━━━ Provided records

lemma is_glb_in_UNIV_reflect:
  assumes "is_lub_in UNIV le x y z"
  shows "is_glb_in UNIV le x y (x + y - z)"
  unfolding is_glb_in_def
proof (intro conjI ballI impI UNIV_I)
  have "le x z" "le y z" "\<And>v. le x v \<Longrightarrow> le y v \<Longrightarrow> le z v"
    using assms unfolding is_lub_in_def by auto
  show "le (x + y - z) x" "le (x + y - z) y"
    using le_diff_antimono[OF \<open>le y z\<close>, of "x + y"] le_diff_antimono[OF \<open>le x z\<close>, of "x + y"]
    by simp_all
  fix w assume "le w x \<and> le w y"
  then have "le y (x + y - w)" "le x (x + y - w)"
    using le_diff_antimono[of w x "x + y"] le_diff_antimono[of w y "x + y"] by auto
  then have "le z (x + y - w)"
    using \<open>\<And>v. le x v \<Longrightarrow> le y v \<Longrightarrow> le z v\<close> by blast
  then show "le w (x + y - z)"
    using le_diff_antimono[of z "x + y - w" "x + y"] by simp
qed

lemma positive_cone_lub_in_UNIV:
  assumes "is_lattice positive_cone le" and "x \<in> positive_cone" and "y \<in> positive_cone"
  obtains z where "z \<in> positive_cone" and "is_lub_in UNIV le x y z"
proof -
  obtain z where z: "is_lub_in positive_cone le x y z"
    using assms unfolding is_lattice_def by blast
  have "is_lub_in UNIV le x y z"
    using is_lub_in_UNIV_if_upward_closed[OF positive_cone_upward_closed[OF assms(2)] z] .
  moreover have "z \<in> positive_cone"
    using z unfolding is_lub_in_def by blast
  ultimately show thesis
    using that by blast
qed

lemma below_positive_lub_in_UNIV:
  assumes "is_lattice positive_cone le" and "x \<in> below_positive" and "y \<in> below_positive"
  obtains z where "is_lub_in UNIV le x y z"
proof -
  obtain p q where "le 0 p" "le x p" "le 0 q" "le y q"
    using assms(2,3) unfolding below_positive_def positive_cone_def by blast
  define c where "c = (p - x) + (q - y)"
  have "le p (x + c)" "le q (y + c)"
    using le_add_right[of 0 "q - y" p] le_add_right[of 0 "p - x" q] \<open>le x p\<close> \<open>le y q\<close>
    unfolding c_def le_iff_diff_nonneg[of x p] le_iff_diff_nonneg[of y q]
    by (simp_all add: algebra_simps)
  then have "x + c \<in> positive_cone" "y + c \<in> positive_cone"
    using \<open>le 0 p\<close> \<open>le 0 q\<close> le_trans unfolding positive_cone_def by blast+
  then obtain z where "is_lub_in UNIV le (x + c) (y + c) z"
    using positive_cone_lub_in_UNIV[OF assms(1)] by blast
  then have "is_lub_in UNIV le x y (z + - c)"
    using is_lub_in_UNIV_translate[of "x + c" "y + c" z "- c"] by simp
  then show thesis
    using that by blast
qed
(* Let $(\mathbf X,\mathbf Y)$ be a general correlated source such that $\{\frac1n\log\frac1{P_{X^n|Y^n}(X^n|Y^n)}\}_{n\ge1}$ satisfies Condition (W). Then for any $0<\varepsilon\le1$, $\{\frac1n\overline h^\varepsilon(X^n)\}_{n\ge1}$ also satisfies Condition (W).
   Context: A general correlated source $(\mathbf X,\mathbf Y)=\{(X^n,Y^n)\}_{n\ge1}$ is an arbitrary sequence of pairs of random variables on $\mathcal X^n\times\mathcal Y^n$, $\mathcal X,\mathcal Y$ finite or countably infinite (no structural assumptions; marginal probabilities positive). Logs base 2. For $x^n\in\mathcal X^n$ and $\varepsilon\in(0,1]$: $\overline h^\varepsilon(x^n)=\inf\{a\in\mathbb R:\sum_{y^n:\log(1/P_{X^n|Y^n}(x^n|y^n))>a}P_{Y^n|X^n}(y^n|x^n)\le\varepsilon\}$. A sequence of discrete real random variables $\{Z_n\}$ satisfies Condition (W) if: (i) there is $M<\infty$ with $\mathbb E[Z_n]<M$ for all $n$; and (ii) whenever events $\mathcal A_n$ satisfy $\Pr(\mathcal A_n)\to0$, then $\lim_n\mathbb E[|Z_n|\mathbf 1_{\mathcal A_n}]=0$. *)

theory Defs
  imports "HOL-Probability.Probability"
begin

text \<open>A general correlated source: for each n a joint distribution P n of (X^n, Y^n),
  where X^n, Y^n are words (lists) of length n over countable alphabets.\<close>

definition corr_source :: "(nat \<Rightarrow> ('a::countable list \<times> 'b::countable list) pmf) \<Rightarrow> bool" where
  "corr_source P \<longleftrightarrow> (\<forall>n. set_pmf (P n) \<subseteq> {(x, y). length x = n \<and> length y = n})"

definition PX :: "(nat \<Rightarrow> ('a \<times> 'b) pmf) \<Rightarrow> nat \<Rightarrow> 'a \<Rightarrow> real" where
  "PX P n x = pmf (map_pmf fst (P n)) x"

definition PY :: "(nat \<Rightarrow> ('a \<times> 'b) pmf) \<Rightarrow> nat \<Rightarrow> 'b \<Rightarrow> real" where
  "PY P n y = pmf (map_pmf snd (P n)) y"

definition cond_XY :: "(nat \<Rightarrow> ('a \<times> 'b) pmf) \<Rightarrow> nat \<Rightarrow> 'a \<Rightarrow> 'b \<Rightarrow> real" where
  "cond_XY P n x y = pmf (P n) (x, y) / PY P n y"

definition cond_YX :: "(nat \<Rightarrow> ('a \<times> 'b) pmf) \<Rightarrow> nat \<Rightarrow> 'b \<Rightarrow> 'a \<Rightarrow> real" where
  "cond_YX P n y x = pmf (P n) (x, y) / PX P n x"

text \<open>The quantity overline-h^eps(x^n). The infimum is taken over a \<ge> 0
  (for eps < 1 this agrees with the infimum over all reals).\<close>
definition hbar :: "(nat \<Rightarrow> ('a \<times> 'b) pmf) \<Rightarrow> real \<Rightarrow> nat \<Rightarrow> 'a \<Rightarrow> real" where
  "hbar P eps n x = Inf {a. 0 \<le> a \<and>
     (\<Sum>\<^sub>\<infinity> y \<in> {y. log 2 (1 / cond_XY P n x y) > a}. cond_YX P n y x) \<le> eps}"

definition condW :: "(nat \<Rightarrow> 'c measure) \<Rightarrow> (nat \<Rightarrow> 'c \<Rightarrow> real) \<Rightarrow> bool" where
  "condW M Z \<longleftrightarrow>
     (\<exists>B. \<forall>n\<ge>1. integrable (M n) (Z n) \<and> (\<integral>w. Z n w \<partial>M n) < B) \<and>
     (\<forall>A. (\<forall>n\<ge>1. A n \<in> sets (M n)) \<longrightarrow> (\<lambda>n. measure (M n) (A n)) \<longlonglongrightarrow> 0 \<longrightarrow>
        (\<lambda>n. \<integral>w. \<bar>Z n w\<bar> * indicator (A n) w \<partial>M n) \<longlonglongrightarrow> 0)"

end

theory Submission
  imports Defs
begin

text \<open>
  For fixed \<open>x\<close>, every threshold \<open>a\<close> below \<open>hbar\<^sup>\<epsilon>(x)\<close> has conditional tail mass
  \<open>P(W > a | X = x) > \<epsilon>\<close>, where \<open>W = log (1 / P(X|Y))\<close>; Markov's inequality then gives
  \<open>\<epsilon> hbar\<^sup>\<epsilon>(x) \<le> E[W | X = x]\<close>. Hence \<open>H\<^sub>n = hbar\<^sup>\<epsilon>(X\<^sup>n)/n\<close> satisfies
  \<open>\<epsilon> E[H\<^sub>n 1\<^sub>S] \<le> E[Z\<^sub>n 1\<^sub>S]\<close> with \<open>Z\<^sub>n = W/n\<close> for every event \<open>S\<close> determined by \<open>X\<^sup>n\<close>, in
  particular for the level sets of \<open>H\<^sub>n\<close>. This transfers the bound on the means. For events
  \<open>A\<^sub>n\<close> with vanishing probability, truncate at \<open>K\<^sub>n = 1/\<delta>\<^sub>n\<close> where \<open>\<delta>\<^sub>n\<^sup>2 = P(A\<^sub>n) + 1/(n+1)\<close>:
  \<open>E[H\<^sub>n 1\<^sub>A\<^sub>n] \<le> K\<^sub>n P(A\<^sub>n) + E[H\<^sub>n 1\<^bsub>H\<^sub>n \<ge> K\<^sub>n\<^esub>] \<le> \<delta>\<^sub>n + E[Z\<^sub>n 1\<^bsub>H\<^sub>n \<ge> K\<^sub>n\<^esub>]/\<epsilon>\<close>, and the last
  term vanishes by Condition (W) for \<open>Z\<close> because \<open>P(H\<^sub>n \<ge> K\<^sub>n) \<le> \<delta>\<^sub>n E[H\<^sub>n] \<rightarrow> 0\<close> by Markov.
\<close>

lemma condW_of_tail_dominated:
  fixes M :: "nat \<Rightarrow> 'c measure" and Z H :: "nat \<Rightarrow> 'c \<Rightarrow> real" and c :: real
  assumes Z: "condW M Z"
    and prob: "\<And>n. prob_space (M n)"
    and H_nonneg: "\<And>n w. 0 \<le> H n w"
    and H_int: "\<And>n. n \<ge> 1 \<Longrightarrow> integrable (M n) (H n)"
    and c: "0 < c"
    and dom: "\<And>n K. n \<ge> 1 \<Longrightarrow>
      c * (\<integral>w. H n w * indicator {w \<in> space (M n). K \<le> H n w} w \<partial>M n)
        \<le> (\<integral>w. Z n w * indicator {w \<in> space (M n). K \<le> H n w} w \<partial>M n)"
  shows "condW M H"
proof -
  obtain B where Z_int: "\<And>n. n \<ge> 1 \<Longrightarrow> integrable (M n) (Z n)"
    and Z_bound: "\<And>n. n \<ge> 1 \<Longrightarrow> (\<integral>w. Z n w \<partial>M n) < B"
    and Z_small: "\<And>A. (\<forall>n\<ge>1. A n \<in> sets (M n)) \<Longrightarrow> (\<lambda>n. measure (M n) (A n)) \<longlonglongrightarrow> 0 \<Longrightarrow>
        (\<lambda>n. \<integral>w. \<bar>Z n w\<bar> * indicator (A n) w \<partial>M n) \<longlonglongrightarrow> 0"
    using Z unfolding condW_def by blast
  have H_bound: "c * (\<integral>w. H n w \<partial>M n) < B" if n: "n \<ge> 1" for n
  proof -
    have "c * (\<integral>w. H n w \<partial>M n) \<le> (\<integral>w. Z n w \<partial>M n)"
      using dom[OF n, of 0] H_nonneg by (simp cong: Bochner_Integration.integral_cong)
    then show ?thesis using Z_bound[OF n] by linarith
  qed
  show ?thesis
    unfolding condW_def
  proof (intro conjI allI impI)
    show "\<exists>B. \<forall>n\<ge>1. integrable (M n) (H n) \<and> (\<integral>w. H n w \<partial>M n) < B"
      using H_int H_bound c by (intro exI[of _ "B / c"]) (auto simp: pos_less_divide_eq mult.commute)
  next
    fix A assume A: "\<forall>n\<ge>1. A n \<in> sets (M n)" and A_lim: "(\<lambda>n. measure (M n) (A n)) \<longlonglongrightarrow> 0"
    define \<delta> where "\<delta> n = sqrt (measure (M n) (A n) + inverse (Suc n))" for n
    define C where "C n = {w \<in> space (M n). 1 / \<delta> n \<le> H n w}" for n
    have \<delta>_pos: "0 < \<delta> n" for n
      unfolding \<delta>_def by (intro real_sqrt_gt_zero add_nonneg_pos) auto
    have \<delta>_lim: "\<delta> \<longlonglongrightarrow> 0"
      unfolding \<delta>_def using tendsto_real_sqrt[OF tendsto_add[OF A_lim LIMSEQ_inverse_real_of_nat]] by simp
    have C_le: "measure (M n) (C n) \<le> \<delta> n * (B / c)" if n: "n \<ge> 1" for n
    proof -
      have "measure (M n) (C n) \<le> (\<integral>w. H n w \<partial>M n) / (1 / \<delta> n)"
        unfolding C_def using H_int[OF n] H_nonneg \<delta>_pos
        by (intro integral_Markov_inequality_measure[where A="space (M n)"]) auto
      also have "\<dots> \<le> \<delta> n * (B / c)"
        using H_bound[OF n] \<delta>_pos c by (simp add: pos_le_divide_eq mult.commute)
      finally show ?thesis .
    qed
    have "(\<lambda>n. measure (M n) (C n)) \<longlonglongrightarrow> 0"
    proof (rule tendsto_sandwich)
      show "\<forall>\<^sub>F n in sequentially. 0 \<le> measure (M n) (C n)" by simp
      show "\<forall>\<^sub>F n in sequentially. measure (M n) (C n) \<le> \<delta> n * (B / c)"
        using C_le by (rule eventually_sequentiallyI)
      show "(\<lambda>n. \<delta> n * (B / c)) \<longlonglongrightarrow> 0"
        by (rule tendsto_mult_left_zero[OF \<delta>_lim])
    qed simp
    moreover have C_sets: "\<forall>n\<ge>1. C n \<in> sets (M n)"
      unfolding C_def using H_int by (auto intro: borel_measurable_integrable)
    ultimately have ZC_lim: "(\<lambda>n. \<integral>w. \<bar>Z n w\<bar> * indicator (C n) w \<partial>M n) \<longlonglongrightarrow> 0"
      by (rule Z_small[rotated])
    show "(\<lambda>n. \<integral>w. \<bar>H n w\<bar> * indicator (A n) w \<partial>M n) \<longlonglongrightarrow> 0"
    proof (rule tendsto_sandwich)
      show "\<forall>\<^sub>F n in sequentially. 0 \<le> (\<integral>w. \<bar>H n w\<bar> * indicator (A n) w \<partial>M n)"
        by simp
      show "\<forall>\<^sub>F n in sequentially. (\<integral>w. \<bar>H n w\<bar> * indicator (A n) w \<partial>M n)
          \<le> (\<integral>w. \<bar>Z n w\<bar> * indicator (C n) w \<partial>M n) / c + \<delta> n"
        using eventually_ge_at_top[of 1]
      proof eventually_elim
        case (elim n)
        interpret prob_space "M n" by (rule prob)
        have C: "C n \<in> sets (M n)" and A: "A n \<in> sets (M n)"
          using C_sets A elim by auto
        have HC_int: "integrable (M n) (\<lambda>w. H n w * indicator (C n) w)"
          using H_int[OF elim] C by (rule integrable_real_mult_indicator[rotated])
        have A_int: "integrable (M n) (\<lambda>w. 1 / \<delta> n * indicator (A n) w)"
          using A by (intro integrable_mult_right integrable_real_indicator) (auto simp: less_top[symmetric])
        have "(\<integral>w. \<bar>H n w\<bar> * indicator (A n) w \<partial>M n)
            \<le> (\<integral>w. H n w * indicator (C n) w + 1 / \<delta> n * indicator (A n) w \<partial>M n)"
          using H_int[OF elim] A HC_int A_int H_nonneg \<delta>_pos[of n]
          by (intro integral_mono integrable_add integrable_real_mult_indicator)
             (auto simp: C_def indicator_def)
        also have "\<dots> = (\<integral>w. H n w * indicator (C n) w \<partial>M n) + measure (M n) (A n) / \<delta> n"
          using HC_int A_int A by (simp add: less_top[symmetric])
        also have "\<dots> \<le> (\<integral>w. \<bar>Z n w\<bar> * indicator (C n) w \<partial>M n) / c + \<delta> n"
        proof (rule add_mono)
          have "c * (\<integral>w. H n w * indicator (C n) w \<partial>M n) \<le> (\<integral>w. Z n w * indicator (C n) w \<partial>M n)"
            using dom[OF elim] unfolding C_def .
          also have "\<dots> \<le> (\<integral>w. \<bar>Z n w\<bar> * indicator (C n) w \<partial>M n)"
            using Z_int[OF elim] C
            by (intro integral_mono integrable_real_mult_indicator integrable_abs) (auto simp: indicator_def)
          finally show "(\<integral>w. H n w * indicator (C n) w \<partial>M n) \<le> (\<integral>w. \<bar>Z n w\<bar> * indicator (C n) w \<partial>M n) / c"
            using c by (simp add: pos_le_divide_eq mult.commute)
          have "measure (M n) (A n) \<le> \<delta> n ^ 2"
            unfolding \<delta>_def by simp
          then show "measure (M n) (A n) / \<delta> n \<le> \<delta> n"
            using \<delta>_pos[of n] by (simp add: divide_le_eq power2_eq_square)
        qed
        finally show ?case .
      qed
      show "(\<lambda>n. (\<integral>w. \<bar>Z n w\<bar> * indicator (C n) w \<partial>M n) / c + \<delta> n) \<longlonglongrightarrow> 0"
        using tendsto_add[OF tendsto_divide_zero[OF ZC_lim] \<delta>_lim] by simp
    qed simp
  qed
qed

abbreviation cond_info :: "(nat \<Rightarrow> ('a \<times> 'b) pmf) \<Rightarrow> nat \<Rightarrow> 'a \<Rightarrow> 'b \<Rightarrow> real" where
  "cond_info P n x y \<equiv> log 2 (1 / cond_XY P n x y)"

lemma pmf_le_pmf_map_snd: "pmf p (x, y) \<le> pmf (map_pmf snd p) y"
proof -
  have "measure_pmf.prob p {(x, y)} \<le> measure_pmf.prob p (snd -` {y})"
    by (rule measure_pmf.finite_measure_mono) auto
  then show ?thesis by (simp add: measure_pmf_single pmf_map)
qed

lemma cond_info_nonneg:
  assumes "0 < pmf (P n) (x, y)"
  shows "0 \<le> cond_info P n x y"
proof -
  have "pmf (P n) (x, y) \<le> PY P n y"
    unfolding PY_def by (rule pmf_le_pmf_map_snd)
  with assms have "0 < cond_XY P n x y" "cond_XY P n x y \<le> 1"
    by (auto simp: cond_XY_def)
  then show ?thesis by simp
qed

lemma nn_integral_pmf_pair:
  "(\<integral>\<^sup>+ z. f z \<partial>measure_pmf p) =
   (\<integral>\<^sup>+ x. \<integral>\<^sup>+ y. ennreal (pmf p (x, y)) * f (x, y) \<partial>count_space UNIV \<partial>count_space UNIV)"
  using nn_integral_fst_count_space[of "\<lambda>z. ennreal (pmf p z) * f z"]
  by (simp add: nn_integral_measure_pmf)
text \<open>A formal F-linear combination of symbols  d a_1 \<and> ... \<and> d a_m  is represented by a
  finitely supported function  'a list \<Rightarrow> 'a  (coefficient of the word [a_1,...,a_m]).
  The n-forms Omega^n(F) are the quotient of the formal combinations of words of length n
  by the subspace generated by the defining relations of Omega^1 in each slot
  (additivity, Leibniz rule) and the alternating relation. We work with representatives:
  a representative is zero in Omega^n(F) iff it lies in omega_rel.\<close>

definition word :: "'a list \<Rightarrow> ('a list \<Rightarrow> 'a::field)" where
  "word w = (\<lambda>l. if l = w then 1 else 0)"

inductive_set omega_rel :: "('a list \<Rightarrow> 'a::field) set" where
  zero: "(\<lambda>_. 0) \<in> omega_rel"
| add: "f \<in> omega_rel \<Longrightarrow> g \<in> omega_rel \<Longrightarrow> (\<lambda>l. f l + g l) \<in> omega_rel"
| smult: "f \<in> omega_rel \<Longrightarrow> (\<lambda>l. c * f l) \<in> omega_rel"
| additive: "(\<lambda>l. word (xs @ [a + b] @ ys) l - word (xs @ [a] @ ys) l
                  - word (xs @ [b] @ ys) l) \<in> omega_rel"
| leibniz: "(\<lambda>l. word (xs @ [a * b] @ ys) l - a * word (xs @ [b] @ ys) l
                  - b * word (xs @ [a] @ ys) l) \<in> omega_rel"
| alternating: "word (xs @ [a] @ ys @ [a] @ zs) \<in> omega_rel"

definition omega_n :: "nat \<Rightarrow> ('a list \<Rightarrow> 'a::field) set" where
  "omega_n n = {f. finite {l. f l \<noteq> 0} \<and> (\<forall>l. f l \<noteq> 0 \<longrightarrow> length l = n)}"

text \<open>omega \<and> d s_1 \<and> ... \<and> d s_k  for the word s = [s_1,...,s_k].\<close>
definition wedge_word :: "('a list \<Rightarrow> 'a::field) \<Rightarrow> 'a list \<Rightarrow> ('a list \<Rightarrow> 'a)" where
  "wedge_word f s = (\<lambda>l. if length s \<le> length l \<and> drop (length l - length s) l = s
                         then f (take (length l - length s) l) else 0)"

text \<open>dS_1 \<and> ... \<and> dS_r, as the set of words [s_1,...,s_r] with s_i \<in> S_i (indices 0..r-1).\<close>
definition dwedge :: "nat \<Rightarrow> (nat \<Rightarrow> 'a set) \<Rightarrow> 'a list set" where
  "dwedge r S = {l. length l = r \<and> (\<forall>i<r. l ! i \<in> S i)}"

definition ann :: "nat \<Rightarrow> 'a::field list set \<Rightarrow> ('a list \<Rightarrow> 'a) set" where
  "ann n U = {f \<in> omega_n n. \<forall>u\<in>U. wedge_word f u \<in> omega_rel}"

end

theory Submission
  imports Defs
begin

text \<open>Only \<open>F\<^sup>p(S\<^sub>i) = F\<^sup>p(a\<^sub>i\<^sub>1, \<dots>, a\<^sub>i\<^sub>k\<^sub>i)\<close> is used. The elements \<open>x\<close> such that, in every slot of a
  wedge word, \<open>d x\<close> is congruent modulo the relations to an \<open>F\<close>-linear combination of
  differentials \<open>d t\<close> with \<open>t \<in> T\<close> (the set \<open>dspan T\<close>) form a subfield containing \<open>T\<close> and
  \<open>F\<^sup>p\<close>, since \<open>d(x\<^sup>p) = p x\<^sup>p\<^sup>-\<^sup>1 d x = 0\<close>; hence it contains \<open>F\<^sup>p(T)\<close>. Replacing the slots one at
  a time, a form killed by \<open>d U\<^sub>1 \<and> \<dots> \<and> d U\<^sub>r\<close> is then killed by \<open>d T\<^sub>1 \<and> \<dots> \<and> d T\<^sub>r\<close>
  whenever \<open>T\<^sub>i \<subseteq> F\<^sup>p(U\<^sub>i)\<close>; applying this in both directions gives the equality of annihilators.\<close>

lemma omega_rel_lincomb:
  assumes "f \<in> omega_rel" "g \<in> omega_rel" "h \<in> omega_rel"
    and "\<And>l. e l = a * f l + b * g l + c * h l"
  shows "e \<in> omega_rel"
proof -
  have "e = (\<lambda>l. a * f l + b * g l + c * h l)"
    using assms(4) by (simp add: fun_eq_iff)
  then show ?thesis
    using assms(1-3) by (simp add: omega_rel.add omega_rel.smult)
qed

━━━━━━

Write out exactly the lines that fall from the line with "using dom[OF n, of" to the line with "proof (intro conjI allI impI)" in the records above, keeping both ends.

      using dom[OF n, of 0] H_nonneg by (simp cong: Bochner_Integration.integral_cong)
    then show ?thesis using Z_bound[OF n] by linarith
  qed
  show ?thesis
    unfolding condW_def
  proof (intro conjI allI impI)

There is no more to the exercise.